A stained smear is used to locate the specimen with dry objectives (10X, 40X), whereas the smear covered with immersion oil provides a clear and translucent image of the bacteria/microorganism. You can also see the images of the bacteria directly by focusing on oil however it requires technical expertise and sharp power of observation. The steps to operate the basic microscope are described below.

• Set the smear onto the stage, then concentrate on the image.
• To study a specimen with the aid of an eyepiece or objective lens. During the initial stage , make sure to keep the condenser to the level of the stage in the scope.
• Open the aperture diaphragm completely of the condenser. Then, by tilting the mirror focus , you can move the optical Axis.

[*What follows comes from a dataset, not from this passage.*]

(* In the setting of the context, for every unital hermitian cone $N$ on $(K,\ast)$ the following are equivalent: (1) $a_\sigma n^\sigma\in N$ for every $n\in N$ and $\sigma\in G$; (2) $N=M\cap K$ for some unital hermitian cone $M$ on $(D,\ast)$; (3) $N=\lambda^{-1}(L)\cap K$ for some unital hermitian cone $L$ on $(M_n(K),\#)$.
   Context: Let $K/F$ be a finite Galois extension of fields of characteristic $0$ with Galois group $G$, $n=|G|$; write $k^\sigma$ for the image of $k$ under $\sigma$. Let $\Phi$ be a normalized $2$-cocycle and $D=(K/F,\Phi)$ the crossed product: right $K$-vector space with basis $(e_\sigma)_{\sigma\in G}$, $e_{\mathrm{id}}=1$, multiplication $(\sum e_\sigma c_\sigma)(\sum e_\tau d_\tau)=\sum e_{\sigma\tau}\Phi(\sigma,\tau)c_\sigma^\tau d_\tau$. Assume $D$ is a division algebra and $\ast$ an involution on $D$ with $K^\ast\subseteq K$, such that $a_\sigma:=e_\sigma^\ast e_\sigma\in K$ for all $\sigma\in G$ and some unital hermitian cone on $(K,\ast)$ contains all $a_\sigma$. A unital hermitian cone on a ring $R$ with involution $\ast$ is a subset $M\subseteq\{r:r^\ast=r\}$ with $1\in M$, $M+M\subseteq M$, $aMa^\ast\subseteq M$ for all $a\in R$, $M\cap-M=\{0\}$. Let $\lambda\colon D\to M_n(K)$ be the left regular representation, $ae_\tau=\sum_\sigma e_\sigma\lambda(a)_{\sigma\tau}$; for $X=[x_{\sigma\tau}]$ let $X^\ast=[x_{\tau\sigma}^\ast]$, let $A=\mathrm{diag}(a_\sigma)_{\sigma\in G}$, and $X^\#=A^{-1}X^\ast A$ (so $\lambda(d^\ast)=\lambda(d)^\#$). *)

theory Defs
  imports Main
begin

• Examine the picture of the specimen in sharp focus using the fine control of the lens. The majority of the time, a flat mirrors are employed and for lower power concave mirrors are used. Change the angle of the condenser to increase the light and aperture diaphragm to obtain a clear as well as the best contrast from the smear.
• Determine the exact position of the condenser most suitable to focus the smear. Take off the evepiece and looking through the tube to the visible light.

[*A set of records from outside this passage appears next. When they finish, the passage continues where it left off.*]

(* Let $\varepsilon>0$ and $r_c>0$, and let $\mathbf{X}=(x_1,x_2,x_3):(0,S)\times[0,T_* )\to\mathbb{R}^3$ be a smooth solution of $$\mathbf{X}_t = \frac{\mathbf{X}_s \wedge \mathbf{X}_{ss}}{|\mathbf{X}_s|^3} - \frac{\varepsilon\, x_1}{x_1^2 + r_c^2}\, \frac{\mathbf{X}_s\wedge \mathbf{e}_1 }{|\mathbf{X}_s|}$$ with $\mathbf{X}_s(s,t)\neq 0$ for all $(s,t)$. Then there is a function $L_0$ of $s$ alone (determined by the initial data) such that the modulus of the tangential vector $\mathbf{T}=\mathbf{X}_s$ satisfies $$|\mathbf{T}(s,t)| = L_0(s)\,\bigl(x_1^2(s,t) + r_c^2\bigr)^{-\varepsilon/2}\quad\text{for all }(s,t).$$
   Context: $\mathbf{e}_1=(1,0,0)$, $\wedge$ denotes the cross product in $\mathbb{R}^3$, subscripts $s,t$ denote partial derivatives. The equation models a vortex filament $\mathbf{X}$ interacting with its mirror image in the plane $x_1=0$ (antiparallel vortex pair), with interaction strength $\varepsilon$ and regularization parameter $r_c$. *)

theory Defs
  imports "HOL-Analysis.Analysis"
begin

datatype pvar = Sv | Tv

fun dirv :: "pvar \<Rightarrow> real \<times> real" where
  "dirv Sv = (1, 0)"
| "dirv Tv = (0, 1)"

text \<open>Partial derivative of g in the coordinate direction v, relative to the domain U
  (one-sided at boundary points of U such as t = 0).\<close>
definition pd :: "(real \<times> real) set \<Rightarrow> pvar \<Rightarrow> (real \<times> real \<Rightarrow> 'a::real_normed_vector)
                   \<Rightarrow> real \<times> real \<Rightarrow> 'a" where
  "pd U v g = (\<lambda>p. vector_derivative (\<lambda>h. g (p + h *\<^sub>R dirv v))
                       (at 0 within {h. p + h *\<^sub>R dirv v \<in> U}))"

fun iter_pd :: "(real \<times> real) set \<Rightarrow> pvar list \<Rightarrow> (real \<times> real \<Rightarrow> 'a::real_normed_vector)
                  \<Rightarrow> real \<times> real \<Rightarrow> 'a" where
  "iter_pd U [] g = g"
| "iter_pd U (v # vs) g = pd U v (iter_pd U vs g)"

definition smooth_on :: "(real \<times> real) set \<Rightarrow> (real \<times> real \<Rightarrow> 'a::real_normed_vector) \<Rightarrow> bool" where
  "smooth_on U g \<longleftrightarrow>
     (\<forall>vs. continuous_on U (iter_pd U vs g) \<and>
        (\<forall>v. \<forall>p\<in>U. ((\<lambda>h. iter_pd U vs g (p + h *\<^sub>R dirv v))
                        has_vector_derivative pd U v (iter_pd U vs g) p)
                     (at 0 within {h. p + h *\<^sub>R dirv v \<in> U})))"

definition e1 :: "real^3" where "e1 = axis 1 1"

end

theory Submission imports Defs begin

(* Write T = X_s and x = X $ 1. Differentiating the equation in s and taking the inner product
   with T, the first term contributes nothing because T \<bullet> (T \<times> T_ss) = 0, and the second leaves
     d/dt |T|^2 / 2 = T \<bullet> (X_t)_s = - \<epsilon> x / ((x^2 + r_c^2) |T|) * (T \<times> T_s) $ 1,
   while the first component of the equation reads d/dt x = (T \<times> T_s) $ 1 / |T|^3. Together
   these say that |T|^2 (x^2 + r_c^2) powr \<epsilon> does not depend on t, and L_0 s is the square root
   of its value at t = 0. The exchange (X_s)_t = (X_t)_s comes from writing
   X(s,t) = X(s,0) + integral of X_t over [0,t] and differentiating under the integral sign. *)

lemma has_vector_derivative_at_within_shift:
  fixes f :: "real \<Rightarrow> 'a::real_normed_vector"
  assumes "((\<lambda>h. f (a + h)) has_vector_derivative D) (at 0 within {h. a + h \<in> A})"
  shows "(f has_vector_derivative D) (at a within A)"
proof -
  have "(\<lambda>x. x - a) ` A = {h. a + h \<in> A}"
    by (auto simp: image_iff intro!: bexI[where x="a + _"])
  then have "(((\<lambda>h. f (a + h)) \<circ> (\<lambda>x. x - a)) has_vector_derivative 1 *\<^sub>R D) (at a within A)"
    using assms by (intro vector_diff_chain_within) (auto intro!: derivative_eq_intros)
  then show ?thesis by (simp add: o_def)
qed

lemma has_real_derivative_norm:
  fixes f :: "real \<Rightarrow> 'a::real_inner"
  assumes "(f has_vector_derivative f') (at x within S)" "f x \<noteq> 0"
  shows "((\<lambda>x. norm (f x)) has_real_derivative (f x \<bullet> f') / norm (f x)) (at x within S)"
proof -
  have "((\<lambda>x. norm (f x)) has_derivative (\<lambda>h. h * (f' \<bullet> sgn (f x)))) (at x within S)"
    using has_derivative_compose[OF assms(1)[unfolded has_vector_derivative_def]
        has_derivative_norm[OF assms(2)]]
    by (simp add: o_def)
  then show ?thesis
    unfolding has_field_derivative_def
    by (rule has_derivative_eq_rhs) (auto simp: sgn_div_norm inner_commute fun_eq_iff field_simps)
qed

lemma iter_pd_append: "iter_pd U (vs @ ws) g = iter_pd U vs (iter_pd U ws g)"
  by (induction vs) simp_all

lemma smooth_on_pd:
  assumes "smooth_on U g"
  shows "smooth_on U (pd U v g)"
proof -
  have "iter_pd U vs (pd U v g) = iter_pd U (vs @ [v]) g" for vs
    by (simp add: iter_pd_append)
  then show ?thesis
    using assms unfolding smooth_on_def by (simp only:) blast
qed

lemma smooth_on_imp_continuous_on: "smooth_on U g \<Longrightarrow> continuous_on U g"
  using iter_pd.simps(1) smooth_on_def by metis

lemma smooth_on_has_vector_derivative_Sv:
  assumes "smooth_on (J \<times> I) g" "\<sigma> \<in> J" "\<tau> \<in> I"
  shows "((\<lambda>\<sigma>. g (\<sigma>, \<tau>)) has_vector_derivative pd (J \<times> I) Sv g (\<sigma>, \<tau>)) (at \<sigma> within J)"
proof (rule has_vector_derivative_at_within_shift)
  have "((\<lambda>h. iter_pd (J \<times> I) [] g ((\<sigma>, \<tau>) + h *\<^sub>R dirv Sv)) has_vector_derivative
      pd (J \<times> I) Sv (iter_pd (J \<times> I) [] g) (\<sigma>, \<tau>))
      (at 0 within {h. (\<sigma>, \<tau>) + h *\<^sub>R dirv Sv \<in> J \<times> I})"
    using assms unfolding smooth_on_def by blast
  then show "((\<lambda>h. g (\<sigma> + h, \<tau>)) has_vector_derivative pd (J \<times> I) Sv g (\<sigma>, \<tau>))
      (at 0 within {h. \<sigma> + h \<in> J})"
    using assms(3) by simp
qed

lemma smooth_on_has_vector_derivative_Tv:
  assumes "smooth_on (J \<times> I) g" "\<sigma> \<in> J" "\<tau> \<in> I"
  shows "((\<lambda>\<tau>. g (\<sigma>, \<tau>)) has_vector_derivative pd (J \<times> I) Tv g (\<sigma>, \<tau>)) (at \<tau> within I)"
proof (rule has_vector_derivative_at_within_shift)
  have "((\<lambda>h. iter_pd (J \<times> I) [] g ((\<sigma>, \<tau>) + h *\<^sub>R dirv Tv)) has_vector_derivative
      pd (J \<times> I) Tv (iter_pd (J \<times> I) [] g) (\<sigma>, \<tau>))
      (at 0 within {h. (\<sigma>, \<tau>) + h *\<^sub>R dirv Tv \<in> J \<times> I})"
    using assms unfolding smooth_on_def by blast
  then show "((\<lambda>h. g (\<sigma>, \<tau> + h)) has_vector_derivative pd (J \<times> I) Tv g (\<sigma>, \<tau>))
      (at 0 within {h. \<tau> + h \<in> I})"
    using assms(2) by simp
qed

context
  fixes J :: "real set" and a b :: real and f fs ft fts :: "real \<times> real \<Rightarrow> 'a::banach"
  assumes J: "open J" "convex J"
    and fs: "\<And>\<sigma> \<tau>. \<sigma> \<in> J \<Longrightarrow> \<tau> \<in> {a..<b} \<Longrightarrow>
               ((\<lambda>\<sigma>. f (\<sigma>, \<tau>)) has_vector_derivative fs (\<sigma>, \<tau>)) (at \<sigma> within J)"
    and ft: "\<And>\<sigma> \<tau>. \<sigma> \<in> J \<Longrightarrow> \<tau> \<in> {a..<b} \<Longrightarrow>
               ((\<lambda>\<tau>. f (\<sigma>, \<tau>)) has_vector_derivative ft (\<sigma>, \<tau>)) (at \<tau> within {a..<b})"
    and fts: "\<And>\<sigma> \<tau>. \<sigma> \<in> J \<Longrightarrow> \<tau> \<in> {a..<b} \<Longrightarrow>
               ((\<lambda>\<sigma>. ft (\<sigma>, \<tau>)) has_vector_derivative fts (\<sigma>, \<tau>)) (at \<sigma> within J)"
    and ft_cont: "continuous_on (J \<times> {a..<b}) ft"
    and fts_cont: "continuous_on (J \<times> {a..<b}) fts"
begin

lemma partial_integral_formula:
  assumes \<sigma>: "\<sigma> \<in> J" and \<tau>: "\<tau> \<in> {a..<b}"
  shows "fs (\<sigma>, \<tau>) = fs (\<sigma>, a) + integral {a..\<tau>} (\<lambda>r. fts (\<sigma>, r))"
proof -
  have sub: "J \<times> {a..\<tau>} \<subseteq> J \<times> {a..<b}"
    using \<tau> by auto
  have ftc: "f (\<sigma>', \<tau>) = f (\<sigma>', a) + integral {a..\<tau>} (\<lambda>r. ft (\<sigma>', r))" if "\<sigma>' \<in> J" for \<sigma>'
  proof -
    have "((\<lambda>r. ft (\<sigma>', r)) has_integral f (\<sigma>', \<tau>) - f (\<sigma>', a)) {a..\<tau>}"
      using that \<tau>
      by (intro fundamental_theorem_of_calculus)
        (auto intro: has_vector_derivative_within_subset[OF ft])
    then show ?thesis by (simp add: integral_unique)
  qed
  have "((\<lambda>\<sigma>. integral (cbox a \<tau>) (\<lambda>r. ft (\<sigma>, r))) has_vector_derivative
      integral (cbox a \<tau>) (\<lambda>r. fts (\<sigma>, r))) (at \<sigma> within J)"
  proof (rule leibniz_rule_vector_derivative[where f="\<lambda>\<sigma> r. ft (\<sigma>, r)", OF _ _ _ \<sigma> J(2)])
    show "((\<lambda>\<sigma>. ft (\<sigma>, r)) has_vector_derivative fts (\<sigma>, r)) (at \<sigma> within J)"
      if "\<sigma> \<in> J" "r \<in> cbox a \<tau>" for \<sigma> r
      using that \<tau> by (intro fts) auto
    show "(\<lambda>r. ft (\<sigma>', r)) integrable_on cbox a \<tau>" if "\<sigma>' \<in> J" for \<sigma>'
      unfolding cbox_interval using that \<tau>
      by (intro integrable_continuous_interval continuous_on_compose2[OF ft_cont] continuous_intros)
        auto
    show "continuous_on (J \<times> cbox a \<tau>) (\<lambda>(\<sigma>, r). fts (\<sigma>, r))"
      using continuous_on_subset[OF fts_cont sub] by simp
  qed
  then have "((\<lambda>\<sigma>. f (\<sigma>, a) + integral {a..\<tau>} (\<lambda>r. ft (\<sigma>, r))) has_vector_derivative
      fs (\<sigma>, a) + integral {a..\<tau>} (\<lambda>r. fts (\<sigma>, r))) (at \<sigma> within J)"
    using fs[OF \<sigma>] \<tau> by (intro has_vector_derivative_add) auto
  then have "((\<lambda>\<sigma>. f (\<sigma>, \<tau>)) has_vector_derivative
      fs (\<sigma>, a) + integral {a..\<tau>} (\<lambda>r. fts (\<sigma>, r))) (at \<sigma> within J)"
    by (rule has_vector_derivative_transform[rotated 2]) (simp_all add: \<sigma> ftc)
  moreover have "at \<sigma> within J \<noteq> bot"
    by (simp add: at_within_open[OF \<sigma> J(1)])
  ultimately show ?thesis
    by (intro vector_derivative_unique_within[OF _ fs[OF \<sigma> \<tau>]])
qed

• Make sure you get a good light after adjusting the condenser’s location. Furthermore tilting the mirror will aid in the illumination.

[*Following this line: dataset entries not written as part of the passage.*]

lemma good_reference_le_H: "good_reference k V pol \<Longrightarrow> V t s \<le> real H"
  using good_reference_bounds(3) Vstar_le_H order_trans by blast

fun sweep_inv :: "(nat \<Rightarrow> 's \<Rightarrow> real) \<Rightarrow> ('s \<times> 'a \<times> nat \<Rightarrow> real) \<Rightarrow> nat \<Rightarrow> ('s,'a) qstate \<Rightarrow> bool"
  where
  "sweep_inv V0 e h0 (V, pol, Q) \<longleftrightarrow> sub_bellman P r H pol h0 V \<and>
     (\<forall>t s a. h0 \<le> t \<longrightarrow> t < H \<longrightarrow> V0 t s \<le> V t s \<and> Q t s a \<le> V t s \<and>
        r t s a + pexp (P t s a) (V (Suc t)) - e (s,a,t) \<le> Q t s a \<and>
        Q t s a \<le> r t s a + pexp (P t s a) (V (Suc t)))"

lemma sweep_inv_ge_reference:
  assumes "good_reference k V0 pi0" "sweep_inv V0 e h0 (V, pol, Q)" "h0 \<le> t"
  shows "V0 t s \<le> V t s"
  using assms by (cases "t < H") (auto simp: good_reference_def sub_bellman_def)

lemma sweep_Q_bounds:
  assumes V0: "good_reference k V0 pi0" and h: "h < H"
    and inv: "sweep_inv V0 e (Suc h) (V, pol, Q)"
    and x: "pexp (P h s a) (V0 (Suc h)) - d (s,a,h) \<le> x (s,a,h)"
      "x (s,a,h) \<le> pexp (P h s a) (V0 (Suc h))"
    and e: "e (s,a,h) = d (s,a,h) + 2 * (qvi_c * \<epsilon>k / real H)"
    and G: "\<bar>G (s,a) - pexp (P h s a) (\<lambda>s'. V (Suc h) s' - V0 (Suc h) s')\<bar> < qvi_c * \<epsilon>k / real H"
  shows "r h s a + pexp (P h s a) (V (Suc h)) - e (s,a,h) \<le> sweep_Q r H \<epsilon>k x h G s a"
    and "sweep_Q r H \<epsilon>k x h G s a \<le> r h s a + pexp (P h s a) (V (Suc h))"
proof -
  have "0 \<le> pexp (P h s a) (V (Suc h))"
    using good_reference_bounds(1)[OF V0] sweep_inv_ge_reference[OF V0 inv]
    by (meson order_trans pexp_nonneg le_refl)
  then have "0 \<le> r h s a + pexp (P h s a) (V (Suc h))"
    using reward_bounds[OF h] by simp
  then show "r h s a + pexp (P h s a) (V (Suc h)) - e (s,a,h) \<le> sweep_Q r H \<epsilon>k x h G s a"
    and "sweep_Q r H \<epsilon>k x h G s a \<le> r h s a + pexp (P h s a) (V (Suc h))"
    using clipped_estimate_bounds[of "r h s a" "pexp (P h s a) (V (Suc h))"
        "pexp (P h s a) (V0 (Suc h))" "d (s,a,h)" "x (s,a,h)" "G (s,a)" "qvi_c * \<epsilon>k / real H"] x G
    by (simp_all add: sweep_Q_def e pexp_diff)
qed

• Reduce the scattered light that comes from the lenses by closing aperture diaphragm on the condenser. It is easy to change the nosepiece on to another objective lens and then look at the the slide’s surface with the eyepiece. Then, focus it on the final adjustment to get the most optimal light. It is worth noting that the focal point of one objective is almost the same as that of other when the lenses are of a single manufacturer. A mismatch in the focal position is , therefore. possible. It is therefore necessary to lift the tube slightly prior to focusing the high-power (40X) (or oil immersion (100X) into the proper position.
• Be careful when using lenses for focus above the objective which are adjustable using a side view, then lower the objective slowly on oil drop and then down just a bit in that it will be able to touch the drop of oil onto the slide. If the specimen is found using fine adjustment, search for the specimen, then raise the objective by with the large adjustment wheel. It is recommended that prior to placing the slide onto the platform,, apply an oil drop onto the smear. It is also helpful to apply the drop of oil onto the slide using the nosepiece rotated half in the direction of the desired objective before moving the oil-immersion goal into place.
• Generally speaking, focusing an image while in oil requires some practice. If the specimen is situated in a specific area, you can use a fine adjustment wheel to get a sharp and clear image of the specimen. There is a good chance of breaking the slide while focusing in oil immersion. This is why extreme diligence is needed. The dull, dim and blurred image indicates something is not right in the lens. This is why it is important to clear the objective by using lens paper. Sometimes, it’s necessary to examine the tubes and eyepieces too. One of the most common causes that causes haziness is an air bubbles that are trapped in the oil of immersion. There is a way to eliminate these bubbles first by raising your objective and then turning the eyepiece. clean the oil off with lens paper , then turning the eyepiece back and focus again. Sometimes, closing the diaphragm may also cause an image that is not as sharp.